I need to tap into the bounty of knowledge that is DSXchange :D yet again!
In my current project I am transferring the data from a transactional system to a copy of the same on a different server on an iterative basis during the course of the day. Normally, I would rather do this using replication or MQ Series, but neither of those are available to me.
Here are the ground rules and system stuff:
1. Source and target are DB2 UDB running on AIX Unix
2. No federated servers allowed
3. DataStage 7.5.1.A Server Edition on AIX Unix is my flavor. One of my main design paradigm's is to use as little database specific stuff as possible (avoiding stored procedures, external code and the like). The reason for this is that there is some question as to whether the target will stay on DB2 UDB as planned (wasn't my choice) or go back to SQL Server 2000 (2005 eventually). Hence, I also chose to sacrifice a little speed and used nothing but ODBC instead of DB2 CLI drivers/bulk loaders.
4. Using separate schema in the same database to capture history/changes
5. Using triggers to populate the history/changes, adding TRIGGER_DT, TRIGGER_USERID, TRIGGER_ACTION (U-update lists all fields, I-insert lists all fields, D-delete list only key fields), & TRIGGER_STATUS (default = 2 = in process - target table also has 1= current row, 0=historical row)
6. Target tables generally follow slowly changing dimension type 2 rules - therefore, in my case, everything is an INSERT.
7. There are 412 source tables to process, current with five steps (jobs) for each table, giving a total of 2060 jobs plus 1 job to get the batch info and 1 job to perform cleanup when done.
8. My goal is to optimize to be able to run every 15 minutes. This should mean no more than 2000-3000 rows per table per batch. Over time, I will also be able to eliminate tables that don't change that often to fewer scheduled runs.
My jobs are structured as follows, landing all data for processing:
Step 1: src_<tablename>
Creates a seq file of all fields, a hashed file of natural key values plus TRIGGER_DT (keyhash), and hashed file of distinct natural key values plus maximum TRIGGER_DT (hash_max).
Step 2: delsrc_<tablename>
Uses keyhash to remove extracted rows from source tables - this is necessary because rows may be put in while DS is processing the existing rows. This effectively gets me row level locking without preventing the triggers from putting more data in during processing (at least, that's my thought).
Step 3: tgt_<tablename>
This step inserts all records into the target table from the seq file. While inserting, the process uses hash_max to change the TRIGGER_STATUS from 2 to 5 when the natural keys and the TRIGGER_DT matches, identifying the most current row for later processing.

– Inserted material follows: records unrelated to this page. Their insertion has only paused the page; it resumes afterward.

lemma level_intersection_remove_match:
  assumes "finite A" "finite B" "a \<in> A" "b \<in> B" "L i a = L i b"
  shows "level_intersection L i A B = 1 + level_intersection L i (A - {a}) (B - {b})"
proof -
  have "real (min (colour_count L i A c) (colour_count L i B c)) =
        real (min (colour_count L i (A - {a}) c) (colour_count L i (B - {b}) c))
          + (if c = L i a then 1 else 0)" for c
  proof -
    have "colour_count L i A (L i a) \<ge> 1" "colour_count L i B (L i a) \<ge> 1"
      using assms unfolding colour_count_def
      by (auto simp: Suc_le_eq card_gt_0_iff)
    then show ?thesis using assms by (auto simp: colour_count_remove)
  qed
  moreover have "level_intersection L i (A - {a}) (B - {b}) =
      (\<Sum>c\<in>L i ` A. real (min (colour_count L i (A - {a}) c) (colour_count L i (B - {b}) c)))"
    using assms by (intro level_intersection_eq_sum) auto
  moreover have "L i a \<in> L i ` A" using assms(3) by simp
  ultimately show ?thesis
    using assms(1) by (simp add: level_intersection_def sum.distrib)
qed

lemma level_intersection_eq_0:
  assumes "\<forall>a\<in>A. \<forall>b\<in>B. L i a \<noteq> L i b"
  shows "level_intersection L i A B = 0"
proof -
  have "{b \<in> B. L i b = c} = {}" if "c \<in> L i ` A" for c
    using assms that by (auto simp: image_iff) metis
  then have "colour_count L i B c = 0" if "c \<in> L i ` A" for c
    using that unfolding colour_count_def by (metis card.empty)
  then show ?thesis unfolding level_intersection_def by simp
qed

lemma histogram_intersection_commute:
  "finite A \<Longrightarrow> finite B \<Longrightarrow> histogram_intersection L h A B = histogram_intersection L h B A"
  unfolding histogram_intersection_def by (simp add: level_intersection_commute)

lemma histogram_intersection_nonneg: "histogram_intersection L h A B \<ge> 0"
  unfolding histogram_intersection_def level_intersection_def by (intro sum_nonneg) auto

lemma histogram_intersection_remove_le:
  assumes "finite A" "finite B" "a \<in> A" "b \<in> B"
  shows "match_kernel L h a b + histogram_intersection L h (A - {a}) (B - {b})
           \<le> histogram_intersection L h A B"
  unfolding match_kernel_def histogram_intersection_def sum.distrib[symmetric]
  using level_intersection_remove_match[OF assms, of L]
    level_intersection_mono[OF assms(1,2), of "A - {a}" "B - {b}" L]
  by (intro sum_mono) auto

lemma histogram_intersection_remove_max:
  assumes "refining L" "finite A" "finite B" "a \<in> A" "b \<in> B"
    and max: "\<forall>a'\<in>A. \<forall>b'\<in>B. match_kernel L h a' b' \<le> match_kernel L h a b"
  shows "match_kernel L h a b + histogram_intersection L h (A - {a}) (B - {b})
           = histogram_intersection L h A B"
  unfolding match_kernel_def histogram_intersection_def sum.distrib[symmetric]
proof (intro sum.cong refl)
  fix i assume i: "i \<in> {0..h}"
  show "(if L i a = L i b then 1 else 0) + level_intersection L i (A - {a}) (B - {b})
          = level_intersection L i A B"
  proof (cases "L i a = L i b")
    case True
    then show ?thesis using level_intersection_remove_match[OF assms(2-5), of L i] by simp
  next
    case False
    \<comment> \<open>a matching pair at level i would have a larger kernel value than the maximal pair\<close>
    then have "\<forall>a'\<in>A. \<forall>b'\<in>B. L i a' \<noteq> L i b'"
      using match_kernel_le_imp_agree[OF assms(1)] max i by (metis atLeastAtMost_iff)
    then show ?thesis using False by (simp add: level_intersection_eq_0)
  qed
qed

lemma assignment_sum_le_histogram_intersection:
  assumes "finite A" "finite B" "inj_on \<sigma> A" "\<sigma> ` A \<subseteq> B"
  shows "(\<Sum>a\<in>A. match_kernel L h a (\<sigma> a)) \<le> histogram_intersection L h A B"
  using assms
proof (induction A arbitrary: B rule: finite_induct)
  case empty
  then show ?case using histogram_intersection_nonneg by simp
next
  case (insert a A)
  have "\<sigma> ` A \<subseteq> B - {\<sigma> a}" using insert.prems insert.hyps(2) by (auto simp: inj_on_def)
  then have "(\<Sum>x\<in>A. match_kernel L h x (\<sigma> x)) \<le> histogram_intersection L h A (B - {\<sigma> a})"
    using insert by (auto simp: inj_on_insert)
  moreover have "match_kernel L h a (\<sigma> a) + histogram_intersection L h A (B - {\<sigma> a})
                   \<le> histogram_intersection L h (insert a A) B"
    using histogram_intersection_remove_le[of "insert a A" B a "\<sigma> a" L h] insert by simp
  ultimately show ?case using insert.hyps by simp
qed

lemma finite_pairs_have_max:
  fixes k :: "'a \<Rightarrow> 'b \<Rightarrow> 'r::linorder"
  assumes "finite A" "finite B" "A \<noteq> {}" "B \<noteq> {}"
  obtains a b where "a \<in> A" "b \<in> B" "\<forall>a'\<in>A. \<forall>b'\<in>B. k a' b' \<le> k a b"
proof -
  have "Max (case_prod k ` (A \<times> B)) \<in> case_prod k ` (A \<times> B)"
    using assms by (intro Max_in) auto
  then obtain a b where "a \<in> A" "b \<in> B" "k a b = Max (case_prod k ` (A \<times> B))" by auto
  moreover have "k a' b' \<le> Max (case_prod k ` (A \<times> B))" if "a' \<in> A" "b' \<in> B" for a' b'
    using assms that by (intro Max_ge) auto
  ultimately show ?thesis using that by metis
qed

lemma exists_assignment_eq_histogram_intersection:
  assumes "refining L" "finite A" "finite B" "card A \<le> card B"
  shows "\<exists>\<sigma>. inj_on \<sigma> A \<and> \<sigma> ` A \<subseteq> B
               \<and> (\<Sum>a\<in>A. match_kernel L h a (\<sigma> a)) = histogram_intersection L h A B"
  using assms(2-4)
proof (induction "card A" arbitrary: A B)
  case 0
  then show ?case by (simp add: histogram_intersection_def level_intersection_def)
next
  case (Suc n)
  then have "A \<noteq> {}" "B \<noteq> {}" by auto
  with Suc.prems obtain a b where ab: "a \<in> A" "b \<in> B"
    and max: "\<forall>a'\<in>A. \<forall>b'\<in>B. match_kernel L h a' b' \<le> match_kernel L h a b"
    by (metis finite_pairs_have_max)
  have "n = card (A - {a})" "card (A - {a}) \<le> card (B - {b})"
    using Suc.hyps(2) Suc.prems(3) ab by simp_all
  then obtain \<sigma> where \<sigma>: "inj_on \<sigma> (A - {a})" "\<sigma> ` (A - {a}) \<subseteq> B - {b}"
    "(\<Sum>x\<in>A - {a}. match_kernel L h x (\<sigma> x)) = histogram_intersection L h (A - {a}) (B - {b})"
    using Suc.hyps(1) Suc.prems(1,2) by blast
  have b_new: "b \<notin> \<sigma> ` (A - {a})" using \<sigma>(2) by auto
  have "inj_on (\<sigma>(a := b)) (insert a (A - {a}))"
    unfolding inj_on_insert using inj_on_fun_updI[OF \<sigma>(1) b_new] b_new by simp
  then have inj: "inj_on (\<sigma>(a := b)) A" using ab(1) by (simp add: insert_absorb)
  have into: "(\<sigma>(a := b)) ` A \<subseteq> B" using \<sigma>(2) ab by auto
  have "(\<Sum>x\<in>A. match_kernel L h x ((\<sigma>(a := b)) x))
          = match_kernel L h a b + (\<Sum>x\<in>A - {a}. match_kernel L h x (\<sigma> x))"
    using sum.remove[OF Suc.prems(1) ab(1), of "\<lambda>x. match_kernel L h x ((\<sigma>(a := b)) x)"]
    by simp
  also have "match_kernel L h a b + (\<Sum>x\<in>A - {a}. match_kernel L h x (\<sigma> x))
               = histogram_intersection L h A B"
    unfolding \<sigma>(3) by (rule histogram_intersection_remove_max[OF assms(1) Suc.prems(1,2) ab max])
  finally have sum: "(\<Sum>x\<in>A. match_kernel L h x ((\<sigma>(a := b)) x)) = histogram_intersection L h A B" .
  show ?case using inj into sum by (intro exI[of _ "\<sigma>(a := b)"] conjI)
qed

lemma finite_assignment_values:
  assumes "finite A" "finite B"
  shows "finite {(\<Sum>a\<in>A. k a (\<sigma> a)) | \<sigma>. inj_on \<sigma> A \<and> \<sigma> ` A \<subseteq> B}"
proof (rule finite_subset)
  show "{(\<Sum>a\<in>A. k a (\<sigma> a)) | \<sigma>. inj_on \<sigma> A \<and> \<sigma> ` A \<subseteq> B}
          \<subseteq> (\<lambda>\<tau>. \<Sum>a\<in>A. k a (\<tau> a)) ` (A \<rightarrow>\<^sub>E B)"
  proof
    fix x assume "x \<in> {(\<Sum>a\<in>A. k a (\<sigma> a)) | \<sigma>. inj_on \<sigma> A \<and> \<sigma> ` A \<subseteq> B}"
    then obtain \<sigma> where "x = (\<Sum>a\<in>A. k a (\<sigma> a))" "\<sigma> ` A \<subseteq> B" by auto
    then show "x \<in> (\<lambda>\<tau>. \<Sum>a\<in>A. k a (\<tau> a)) ` (A \<rightarrow>\<^sub>E B)"
      by (intro image_eqI[of _ _ "restrict \<sigma> A"]) auto
  qed
  show "finite ((\<lambda>\<tau>. \<Sum>a\<in>A. k a (\<tau> a)) ` (A \<rightarrow>\<^sub>E B))"
    using assms by (intro finite_imageI finite_PiE) auto
qed

lemma oa_inj_match_kernel:
  assumes "refining L" "finite A" "finite B" "card A \<le> card B"
  shows "oa_inj (match_kernel L h) A B = histogram_intersection L h A B"
  unfolding oa_inj_def
proof (rule Max_eqI)
  show "finite {(\<Sum>a\<in>A. match_kernel L h a (\<sigma> a)) | \<sigma>. inj_on \<sigma> A \<and> \<sigma> ` A \<subseteq> B}"
    by (rule finite_assignment_values[OF assms(2,3)])
  show "y \<le> histogram_intersection L h A B"
    if "y \<in> {(\<Sum>a\<in>A. match_kernel L h a (\<sigma> a)) | \<sigma>. inj_on \<sigma> A \<and> \<sigma> ` A \<subseteq> B}" for y
  proof -
    from that obtain \<sigma> where "y = (\<Sum>a\<in>A. match_kernel L h a (\<sigma> a))" "inj_on \<sigma> A" "\<sigma> ` A \<subseteq> B"
      by blast
    then show ?thesis using assignment_sum_le_histogram_intersection[OF assms(2,3)] by simp
  qed
  obtain \<sigma> where "inj_on \<sigma> A" "\<sigma> ` A \<subseteq> B"
    "(\<Sum>a\<in>A. match_kernel L h a (\<sigma> a)) = histogram_intersection L h A B"
    using exists_assignment_eq_histogram_intersection[OF assms, of h] by blast
  then show "histogram_intersection L h A B
               \<in> {(\<Sum>a\<in>A. match_kernel L h a (\<sigma> a)) | \<sigma>. inj_on \<sigma> A \<and> \<sigma> ` A \<subseteq> B}"
    by (intro CollectI exI[of _ \<sigma>]) simp
qed
(* Assume $\mathcal R_0>1$, let $k$ satisfy $$\frac{\beta_E\nu\nu_E-(\nu_E+\delta_E)\delta_F}{\beta_E\nu\nu_E-(1-\gamma_s)(\nu_E+\delta_E)\delta_F}\,\delta_s<k<\delta_s,$$ and let $\kappa>0$ satisfy $$\frac{\delta_s-k}{k}\le\kappa<\frac{\gamma_s\delta_F(\nu_E+\delta_E)}{\beta_E\nu\nu_E-\delta_F(\nu_E+\delta_E)}.$$ Then $\mathbf 0$ is globally asymptotically stable in $\mathcal M(\kappa)$ (in the Filippov sense) for the closed-loop system $$\dot E=\beta_E F\Big(1-\frac EK\Big)-(\nu_E+\delta_E)E,\quad \dot M=(1-\nu)\nu_E E-\delta_M M,\quad \dot F=\nu\nu_E E\frac{M}{M+\gamma_sM_s}-\delta_F F,\quad \dot M_s=k(M+M_s)-\delta_sM_s.$$
   Context: Parameters: $\beta_E,\nu_E,\delta_E,\delta_M,\delta_F,\delta_s,K>0$, $\nu\in(0,1)$, $\gamma_s\in(0,1]$, $\delta_s\ge\delta_M$. $\mathcal R_0:=\dfrac{\beta_E\nu\nu_E}{\delta_F(\nu_E+\delta_E)}$. $\mathcal D'=[0,+\infty)^4$, $z=(E,M,F,M_s)^T$. $\mathcal T_1=\{z\in\mathcal D':\beta_EF(1-E/K)\le(\nu_E+\delta_E)E\}$, $\mathcal T_2(\kappa)=\{z\in\mathcal D':M\le\kappa M_s\}$, $\mathcal T_3=\{z\in\mathcal D':(1-\nu)\nu_EE\le\delta_MM\}$, $\mathcal M(\kappa)=\mathcal T_1\cap\mathcal T_2(\kappa)\cap\mathcal T_3$. Filippov solutions: locally Lipschitz $z:I\to\mathcal D'$ with $\dot z(t)\in\bigcap_{\varepsilon>0}\bigcap_{N}\overline{\mathrm{conv}}\,X\big(((z(t)+\varepsilon B)\cap\mathcal D')\setminus N\big)$ for a.e. $t$ ($X$ the closed-loop right-hand side, $B$ unit ball, $N$ Lebesgue-null). Globally asymptotically stable in $\mathcal S$: for every $\varepsilon>0$ there is $\delta>0$ such that every Filippov solution with $z(0)\in\mathcal S$, $\|z(0)\|<\delta$ satisfies $\|z(t)\|<\varepsilon$ for all $t>0$, and every Filippov solution with $z(0)\in\mathcal S$ tends to $\mathbf 0$. *)

theory Defs
  imports "HOL-Analysis.Analysis"
begin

Step 4: updtgt_<tablename>
This step uses the distinct natural keys in the hash_max to change the TRIGGER_STATUS of any already inserted rows with 1 or 2 to 0 based on the distict natural keys in hash_max.
Step 5: upd_current_tgt_<tablename>
This step is meant to take any TRIGGER_STATUS's = 5 and update them to 1 as the most current row. Using the above methodology, there should be no way for it to be off (famous last words )
I will have follow up processes nightly and weekends to cleanup, verify and validate/balance depending on level of necessity.
Now, here are my problems and the sources of my questions to you all:
1. In steps 4 & 5, I cannot seem to use parameters in the tablename portion of the user defined query. For example, one of my tables goes as follows:
Code: Select all
UPDATE UCWS.ADM_ACCT_PERIOD SET TRIGGER_STATUS = '0' WHERE UCWS.ADM_ACCT_PERIOD.SEQ_NUM = ? AND UCWS.ADM_ACCT_PERIOD.STATUS_FLAG IN (1,2)
Code: Select all
UPDATE #SchemaName#.#TableName# AS X SET X.TRIGGER_STATUS = '0' WHERE X.SEQ_NUM = ? AND X.STATUS_FLAG IN (1,2)
2. Using hard coded fields that are not part of the stream coming in from the hash_max also seems to cause problems (see example above). Specifically, the TRIGGER_STATUS field is not a part of the hash_max file so it doesn't come down the link. Could I just use a stage variable to get around that by hard coding that value to (1,2)?
If I can figure out the answers to the two questions above, I hope to be able to pass the tablename into a single job to update all TRIGGER_STATUS fields that equal 5 to 1 to mark the most current rows. This would knock 411 jobs out of the cycle. I know I could do it with a stored procedure, but once again since the final target db is in flux and could be anywhere (or even multiple platforms), I'm trying to do as much in DataStage as possible, sometimes beyond what makes sense to do.
Am I just making this too hard?
As always, your input is greatly appreciated.
Bestest!